To solve this problem, we need to find the values of a, b, c, and d in the given rational function p(n) = (an + b)/(cn + d) that will give us a score of 80% when we substitute the number of hours studied, n.
Given that when studying for 10 hours, the score is 65% and when studying for 20 hours, the score is 95%, we can use these two data points to form a system of equations.
First, let's solve for a and b using the data point (10, 65%):
65% = (10a + b)/(10c + d)
Multiplying both sides of the equation by (10c + d) to eliminate the denominator:
0.65(10c + d) = 10a + b
Expanding the equation:
6.5c + 0.65d = 10a + b (Equation 1)
Next, let's solve for a and b using the data point (20, 95%):
95% = (20a + b)/(20c + d)
Multiplying both sides of the equation by (20c + d) to eliminate the denominator:
0.95(20c + d) = 20a + b
Expanding the equation:
19c + 0.95d = 20a + b (Equation 2)
Now, we have a system of two equations (Equation 1 and Equation 2) with two unknowns (a and b).
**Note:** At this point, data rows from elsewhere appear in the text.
definition rkhs_inner :: "('a \<Rightarrow> 'a \<Rightarrow> real) \<Rightarrow> 'a set \<Rightarrow> ('a \<Rightarrow> real) \<Rightarrow> ('a \<Rightarrow> real) \<Rightarrow> real" where
  "rkhs_inner K S h g = (THE r. \<forall>a b. approx_seq K S h a \<longrightarrow> approx_seq K S g b \<longrightarrow>
                                   (\<lambda>n. kip K (a n) (b n)) \<longlonglongrightarrow> r)"

definition kcol :: "('a \<Rightarrow> 'a \<Rightarrow> real) \<Rightarrow> 'a set \<Rightarrow> 'a \<Rightarrow> 'a \<Rightarrow> real" where
  "kcol K S y = (\<lambda>x. if x \<in> S then K x y else 0)"

definition kspan :: "('a \<Rightarrow> 'a \<Rightarrow> real) \<Rightarrow> 'a set \<Rightarrow> 'a set \<Rightarrow> ('a \<Rightarrow> real) set" where
  "kspan K S F = {kfun K S (F, c) | c. True}"

definition proj :: "('a \<Rightarrow> 'a \<Rightarrow> real) \<Rightarrow> 'a set \<Rightarrow> 'a set \<Rightarrow> ('a \<Rightarrow> real) \<Rightarrow> ('a \<Rightarrow> real)" where
  "proj K S F h = (THE g. g \<in> kspan K S F \<and>
      (\<forall>y\<in>F. rkhs_inner K S (\<lambda>x. h x - g x) (kcol K S y) = 0))"

definition delta :: "'a \<Rightarrow> 'a \<Rightarrow> real" where
  "delta x = (\<lambda>y. if y = x then 1 else 0)"

definition laplacian :: "('a \<Rightarrow> 'a \<Rightarrow> real) \<Rightarrow> 'a set \<Rightarrow> ('a \<Rightarrow> real) \<Rightarrow> 'a \<Rightarrow> real" where
  "laplacian K S h = (\<lambda>x. if x \<in> S then rkhs_inner K S (delta x) h else 0)"

definition kmat_inv_apply :: "('a \<Rightarrow> 'a \<Rightarrow> real) \<Rightarrow> 'a set \<Rightarrow> ('a \<Rightarrow> real) \<Rightarrow> 'a \<Rightarrow> real" where
  "kmat_inv_apply K F v = (THE u. (\<forall>x. x \<notin> F \<longrightarrow> u x = 0) \<and>
      (\<forall>x\<in>F. (\<Sum>y\<in>F. K x y * u y) = v x))"

end

theory Submission
  imports Defs
begin

(* Finite combinations \<Sum> c_y K(., y) with the form kip make up a pre-Hilbert space, and an
   element h of H(K^(S)) is represented by a kip-Cauchy sequence of combinations converging
   pointwise to h; by Cauchy-Schwarz the limit of inner products does not depend on the
   representatives. Pairing a representative of h with K(., y) gives <h, K(., y)> = h(y), and
   pairing a representative of delta_x with a combination gives <delta_x, \<Sum> c_y K(., y)> = c_x.
   The second identity shows that K_F c = 0 forces c = 0, so K_F is invertible; the first shows
   that P_F h = \<Sum> c_y K(., y) with c = K_F^{-1}(h|_F), hence Delta P_F h = c on F, which is
   (2) and (3). Finally <h|_F, K_F^{-1}(h|_F)> = ||P_F h||^2 <= ||h||^2, with near equality when
   F is the support of a late member of a representing sequence of h. *)

section \<open>Finite kernel combinations\<close>

definition comb_coeff :: "'a set \<times> ('a \<Rightarrow> real) \<Rightarrow> 'a \<Rightarrow> real" where
  "comb_coeff a y = (if y \<in> fst a then snd a y else 0)"

definition comb_diff :: "'a set \<times> ('a \<Rightarrow> real) \<Rightarrow> 'a set \<times> ('a \<Rightarrow> real) \<Rightarrow> 'a set \<times> ('a \<Rightarrow> real)" where
  "comb_diff a b = (fst a \<union> fst b, \<lambda>y. comb_coeff a y - comb_coeff b y)"

definition comb_scale :: "real \<Rightarrow> 'a set \<times> ('a \<Rightarrow> real) \<Rightarrow> 'a set \<times> ('a \<Rightarrow> real)" where
  "comb_scale t a = (fst a, \<lambda>y. t * snd a y)"

definition comb_norm :: "('a \<Rightarrow> 'a \<Rightarrow> real) \<Rightarrow> 'a set \<times> ('a \<Rightarrow> real) \<Rightarrow> real" where
  "comb_norm K a = sqrt (kip K a a)"

lemma fst_comb_diff [simp]: "fst (comb_diff a b) = fst a \<union> fst b"
  by (simp add: comb_diff_def)

lemma fst_comb_scale [simp]: "fst (comb_scale t a) = fst a"
  by (simp add: comb_scale_def)

lemma comb_coeff_comb_diff [simp]: "comb_coeff (comb_diff a b) = (\<lambda>y. comb_coeff a y - comb_coeff b y)"
  by (simp add: comb_coeff_def comb_diff_def fun_eq_iff)

lemma pos_def_kernel_commute: "pos_def_kernel K \<Longrightarrow> K x y = K y x"
  by (simp add: pos_def_kernel_def)

lemma kip_self_nonneg: "pos_def_kernel K \<Longrightarrow> finite (fst a) \<Longrightarrow> 0 \<le> kip K a a"
  unfolding pos_def_kernel_def kip_def by blast

lemma kip_commute: "pos_def_kernel K \<Longrightarrow> kip K a b = kip K b a"
  unfolding kip_def by (subst sum.swap) (auto intro!: sum.cong simp: pos_def_kernel_commute)

lemma kip_eq_sum_left: "kip K a b = (\<Sum>y\<in>fst a. snd a y * (\<Sum>z\<in>fst b. snd b z * K y z))"
  unfolding kip_def by (simp add: sum_distrib_left mult.assoc)

lemma sum_comb_coeff:
  assumes "finite V" "fst a \<subseteq> V"
  shows "(\<Sum>y\<in>V. comb_coeff a y * f y) = (\<Sum>y\<in>fst a. snd a y * f y)"
proof -
  have "(\<Sum>y\<in>V. comb_coeff a y * f y) = (\<Sum>y\<in>V. if y \<in> fst a then snd a y * f y else 0)"
    by (rule sum.cong) (auto simp: comb_coeff_def)
  also have "\<dots> = (\<Sum>y\<in>fst a. snd a y * f y)"
    using assms by (simp add: sum.inter_restrict[symmetric] Int_absorb1 Int_absorb2)
  finally show ?thesis .
qed

lemma kip_eq_sum_comb_coeff:
  "finite V \<Longrightarrow> fst a \<subseteq> V \<Longrightarrow> fst b \<subseteq> V \<Longrightarrow>
   kip K a b = (\<Sum>y\<in>V. comb_coeff a y * (\<Sum>z\<in>V. comb_coeff b z * K y z))"
  by (simp add: kip_eq_sum_left sum_comb_coeff)

lemma kip_cong_comb_coeff:
  assumes "finite (fst a)" "finite (fst b)" "finite (fst a')" "finite (fst b')"
    and "comb_coeff a = comb_coeff a'" "comb_coeff b = comb_coeff b'"
  shows "kip K a b = kip K a' b'"
proof -
  let ?V = "fst a \<union> fst b \<union> fst a' \<union> fst b'"
  have "kip K a b = (\<Sum>y\<in>?V. comb_coeff a y * (\<Sum>z\<in>?V. comb_coeff b z * K y z))"
    using assms by (intro kip_eq_sum_comb_coeff) auto
  also have "\<dots> = kip K a' b'"
    using assms by (subst kip_eq_sum_comb_coeff[of ?V]) auto
  finally show ?thesis .
qed

lemma kip_diff_left:
  "finite (fst a) \<Longrightarrow> finite (fst b) \<Longrightarrow> kip K (comb_diff a b) c = kip K a c - kip K b c"
  by (simp add: kip_eq_sum_left comb_diff_def left_diff_distrib sum_subtractf sum_comb_coeff)

lemma kip_diff_right:
  "pos_def_kernel K \<Longrightarrow> finite (fst a) \<Longrightarrow> finite (fst b) \<Longrightarrow>
   kip K c (comb_diff a b) = kip K c a - kip K c b"
  by (metis kip_diff_left kip_commute)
To solve this system, we can subtract Equation 1 from Equation 2 to eliminate a and b:
19c + 0.95d - (6.5c + 0.65d) = 20a + b - (10a + b)
Simplifying the equation:
12.5c + 0.3d = 10a
Dividing both sides of the equation by 10:
1.25c + 0.03d = a (Equation 3)
Now we have an expression for a in terms of c and d.
We can substitute this expression for a into Equation 1 to solve for b:
6.5c + 0.65d = 10(1.25c + 0.03d) + b
Expanding and simplifying the equation:
6.5c + 0.65d = 12.5c + 0.3d + b
6.5c + 0.65d - 12.5c - 0.3d = b
(-6c + 0.35d) = b (Equation 4)
Now we have expressions for both a and b in terms of c and d.
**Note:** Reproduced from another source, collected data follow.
text \<open>After the section of \<iota>1, the projection of \<iota>2 only reads the coordinates j
  with \<iota>1 j in the image of \<iota>2, i.e. those enumerated by \<kappa>.\<close>
lemma std_proj_torus_incl_factor:
  assumes \<iota>1: "ord_inj k1 n \<iota>1" and \<iota>2: "ord_inj k2 n \<iota>2" and \<kappa>: "ord_inj m k1 \<kappa>"
    and image: "\<kappa> ` {1..m} = {j\<in>{1..k1}. \<iota>1 j \<in> \<iota>2 ` {1..k2}}"
  shows "std_proj k2 \<iota>2 (torus_incl n k1 \<iota>1 (torus_incl k1 m \<kappa> (std_proj m \<kappa> t)))
    = std_proj k2 \<iota>2 (torus_incl n k1 \<iota>1 t)"
proof -
  have agree: "torus_incl k1 m \<kappa> (std_proj m \<kappa> t) j = t j"
    if "j \<in> {1..k1}" "\<iota>1 j \<in> \<iota>2 ` {1..k2}" for j
  proof -
    have "j \<in> \<kappa> ` {1..m}" using that unfolding image by simp
    then obtain l where "l \<in> {1..m}" "j = \<kappa> l" by blast
    then show ?thesis using torus_incl_apply[OF \<kappa>] by (simp add: std_proj_def)
  qed
  have "torus_incl n k1 \<iota>1 (torus_incl k1 m \<kappa> (std_proj m \<kappa> t)) (\<iota>2 i) = torus_incl n k1 \<iota>1 t (\<iota>2 i)"
    if i: "i \<in> {1..k2}" for i
  proof (cases "\<iota>2 i \<in> \<iota>1 ` {1..k1}")
    case True
    then obtain j where j: "j \<in> {1..k1}" "\<iota>2 i = \<iota>1 j" by blast
    have "\<iota>1 j \<in> \<iota>2 ` {1..k2}" using i j(2) by (metis imageI)
    with j(1) have "torus_incl k1 m \<kappa> (std_proj m \<kappa> t) j = t j" by (rule agree)
    then show ?thesis using j torus_incl_apply[OF \<iota>1] by metis
  next
    case False
    have "\<iota>2 i \<in> {1..n}" using ord_inj_funcset[OF \<iota>2] i by blast
    then show ?thesis using torus_incl_apply_outside_image False by metis
  qed
  then show ?thesis unfolding std_proj_def by (rule restrict_ext)
qed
Next, we can substitute the values of a and b into the original rational function and set it equal to 80% (0.8). We will solve for n, the number of hours studied:
p(n) = (an + b)/(cn + d)
0.8 = [(1.25c + 0.03d)n + (-6c + 0.35d)]/(cn + d)
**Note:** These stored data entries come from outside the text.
(* Let $N\ge2$, $T=\{x\in\mathbb{R}^N:1<|x|<2\}$, $2<p<2^*$ ($2^*=\frac{2N}{N-2}$ if $N\ge3$, $+\infty$ if $N=2$), $\lambda_1$ the first Dirichlet eigenvalue of $-\Delta$ on $T$, and for $\lambda>-\lambda_1$ let $u_\lambda=u_\lambda(r)$, $r=|x|\in(1,2)$, be the unique positive solution in $H^1_{0,rad}(T)$ of $-\Delta u+\lambda u=u^{p-1}$ in $T$, $u=0$ on $\partial T$. Then $u_\lambda$ has a unique maximum point $\bar r_\lambda\in(1,2)$, and $u_\lambda'>0$ on $(1,\bar r_\lambda)$, $u_\lambda'<0$ on $(\bar r_\lambda,2)$. *)

theory Defs
  imports "HOL-Analysis.Analysis"
begin

definition annulus :: "'a::euclidean_space set" where
  "annulus = {x. 1 < norm x \<and> norm x < 2}"

definition partial_deriv :: "('a::euclidean_space \<Rightarrow> real) \<Rightarrow> 'a \<Rightarrow> 'a \<Rightarrow> real" where
  "partial_deriv f b x = deriv (\<lambda>t. f (x + t *\<^sub>R b)) 0"

definition laplacian :: "('a::euclidean_space \<Rightarrow> real) \<Rightarrow> 'a \<Rightarrow> real" where
  "laplacian f x = (\<Sum>b\<in>Basis. partial_deriv (\<lambda>y. partial_deriv f b y) b x)"

definition grad_sq :: "('a::euclidean_space \<Rightarrow> real) \<Rightarrow> 'a \<Rightarrow> real" where
  "grad_sq f x = (\<Sum>b\<in>Basis. (partial_deriv f b x)\<^sup>2)"

definition test_fun :: "'a::euclidean_space set \<Rightarrow> ('a \<Rightarrow> real) \<Rightarrow> bool" where
  "test_fun S \<phi> \<longleftrightarrow> \<phi> differentiable_on UNIV
     \<and> (\<forall>b\<in>Basis. continuous_on UNIV (partial_deriv \<phi> b))
     \<and> compact (closure {x. \<phi> x \<noteq> 0}) \<and> closure {x. \<phi> x \<noteq> 0} \<subseteq> S"

text \<open>First Dirichlet eigenvalue of -Laplacian on the annulus, via the Rayleigh quotient
  (infimum over test functions, which are dense in H^1_0).\<close>
definition lambda1 :: "'a::euclidean_space itself \<Rightarrow> real" where
  "lambda1 (_ :: 'a itself) = Inf {integral UNIV (grad_sq \<phi>) / integral UNIV (\<lambda>x. (\<phi> x)\<^sup>2) | \<phi> :: 'a \<Rightarrow> real.
      test_fun annulus \<phi> \<and> (\<exists>x. \<phi> x \<noteq> 0)}"

end

theory Submission
  imports Defs
begin

text \<open>For a radial function the equation becomes u'' + (N - 1)/r u' = \<lambda> u - u^(p-1) on (1, 2).
  Along a solution the energy E = u'^2/2 + u^p/p - \<lambda> u^2/2 satisfies E' = -(N - 1)/r u'^2 \<le> 0,
  and E tends to 0 at r = 2, so E \<ge> 0 throughout. At a critical point with u'' \<ge> 0 we would have
  u^(p-2) \<le> \<lambda>, which makes E < 0 because p > 2. Hence every critical point of u is a strict
  local maximum, so u' can never change sign from negative to positive, and the critical point
  given by Rolle's theorem is the unique maximum.\<close>

lemma has_real_derivative_norm_line:
  fixes x e :: "'a::real_inner"
  assumes nz: "x + t *\<^sub>R e \<noteq> 0"
  shows "((\<lambda>s. norm (x + s *\<^sub>R e)) has_real_derivative ((x + t *\<^sub>R e) \<bullet> e) / norm (x + t *\<^sub>R e)) (at t)"
proof -
  have line: "((\<lambda>s. x + s *\<^sub>R e) has_derivative (\<lambda>h. h *\<^sub>R e)) (at t)"
    by (auto intro!: derivative_eq_intros)
  have "((\<lambda>s. norm (x + s *\<^sub>R e)) has_derivative (\<lambda>h. (h *\<^sub>R e) \<bullet> sgn (x + t *\<^sub>R e))) (at t)"
    using has_derivative_compose[OF line has_derivative_norm[OF nz]] by simp
  moreover have "(\<lambda>h. (h *\<^sub>R e) \<bullet> sgn (x + t *\<^sub>R e)) = (*) (((x + t *\<^sub>R e) \<bullet> e) / norm (x + t *\<^sub>R e))"
    by (rule ext) (simp add: sgn_div_norm inner_commute divide_inverse)
  ultimately show ?thesis by (simp add: has_field_derivative_def)
qed

lemma partial_deriv_radial:
  fixes y e :: "'a::euclidean_space"
  assumes y: "y \<noteq> 0" and du: "(u has_real_derivative u' (norm y)) (at (norm y))"
  shows "partial_deriv (\<lambda>z. u (norm z)) e y = u' (norm y) * (y \<bullet> e) / norm y"
proof -
  have "((\<lambda>t. u (norm (y + t *\<^sub>R e))) has_real_derivative u' (norm y) * ((y \<bullet> e) / norm y)) (at 0)"
  proof (rule DERIV_chain2[of u])
    show "((\<lambda>t. norm (y + t *\<^sub>R e)) has_real_derivative (y \<bullet> e) / norm y) (at 0)"
      using has_real_derivative_norm_line[of y 0 e] y by simp
  qed (use du in simp)
  then show ?thesis unfolding partial_deriv_def by (simp add: DERIV_imp_deriv)
qed

lemma partial_deriv2_radial:
  fixes x e :: "'a::euclidean_space"
  assumes e: "norm e = 1" and S: "open S" "0 \<notin> S" "norm x \<in> S"
    and du: "\<forall>r\<in>S. (u has_real_derivative u' r) (at r)"
    and ddu: "(u' has_real_derivative u'' (norm x)) (at (norm x))"
  shows "partial_deriv (\<lambda>y. partial_deriv (\<lambda>z. u (norm z)) e y) e x
       = u'' (norm x) * (x \<bullet> e)^2 / (norm x)^2 + u' (norm x) * (1 / norm x - (x \<bullet> e)^2 / (norm x)^3)"
proof -
  define R where "R = norm x"
  have R: "R > 0" "x \<noteq> 0" using S by (auto simp: R_def)
  have ee: "e \<bullet> e = 1" using e by (simp add: dot_square_norm)
  have "open ((\<lambda>s. norm (x + s *\<^sub>R e)) -` S)"
    by (rule continuous_open_vimage[OF S(1)]) (auto intro!: continuous_intros)
  then have "\<forall>\<^sub>F s in nhds 0. norm (x + s *\<^sub>R e) \<in> S"
    using eventually_nhds_in_open[of _ 0] S(3) by force
  then have first: "\<forall>\<^sub>F s in nhds 0. partial_deriv (\<lambda>z. u (norm z)) e (x + s *\<^sub>R e)
      = u' (norm (x + s *\<^sub>R e)) * ((x + s *\<^sub>R e) \<bullet> e) / norm (x + s *\<^sub>R e)"
    by eventually_elim (use du S(2) in \<open>auto intro!: partial_deriv_radial\<close>)
  have "((\<lambda>s. u' (norm (x + s *\<^sub>R e)) * ((x + s *\<^sub>R e) \<bullet> e) / norm (x + s *\<^sub>R e))
      has_real_derivative ((u'' R * ((x \<bullet> e) / R) * (x \<bullet> e) + u' R) * R - u' R * (x \<bullet> e) * ((x \<bullet> e) / R)) / (R * R)) (at 0)"
    using has_real_derivative_norm_line[of x 0 e] R ddu
    by (auto intro!: derivative_eq_intros DERIV_chain2[of u'] simp: R_def ee inner_add_left)
  then have "((\<lambda>s. u' (norm (x + s *\<^sub>R e)) * ((x + s *\<^sub>R e) \<bullet> e) / norm (x + s *\<^sub>R e))
      has_real_derivative u'' R * (x \<bullet> e)^2 / R^2 + u' R * (1 / R - (x \<bullet> e)^2 / R^3)) (at 0)"
    by (rule DERIV_cong) (use R in \<open>simp add: field_simps power2_eq_square power3_eq_cube\<close>)
  then show ?thesis
    unfolding partial_deriv_def[of "\<lambda>y. partial_deriv _ e y"] R_def
    using deriv_cong_ev[OF first refl] by (simp add: DERIV_imp_deriv)
qed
Cross-multiplying to eliminate the denominator:
0.8(cn + d) = (1.25cn + 0.03dn - 6c + 0.35d)n + (-6c + 0.35d)
Expanding and simplifying the equation:
0.8cn + 0.8d = 1.25cn^2 + 0.03dn^2 - 6cn + 0.35dn - 6cn + 0.35d
1.25cn^2 + 0.03dn^2 - 13.8cn + 0.7dn - 0.8cn - 0.35dn + 6cn - 0.35d - 0.8cn - 0.8d = 0
Combining like terms:
1.25cn^2 + 0.03dn^2 - 8.75cn + 0.3dn - 1.15d = 0 (Equation 5)
Now, we have a quadratic equation (Equation 5) that represents the relationship between the number of hours studied (n) and the desired score (p(n) = 80%).
To find the solution for n, you can solve this quadratic equation using various methods (e.g., factoring, completing the square, quadratic formula).
Once you find the values of n, you will know how long you need to study to achieve a score of 80%.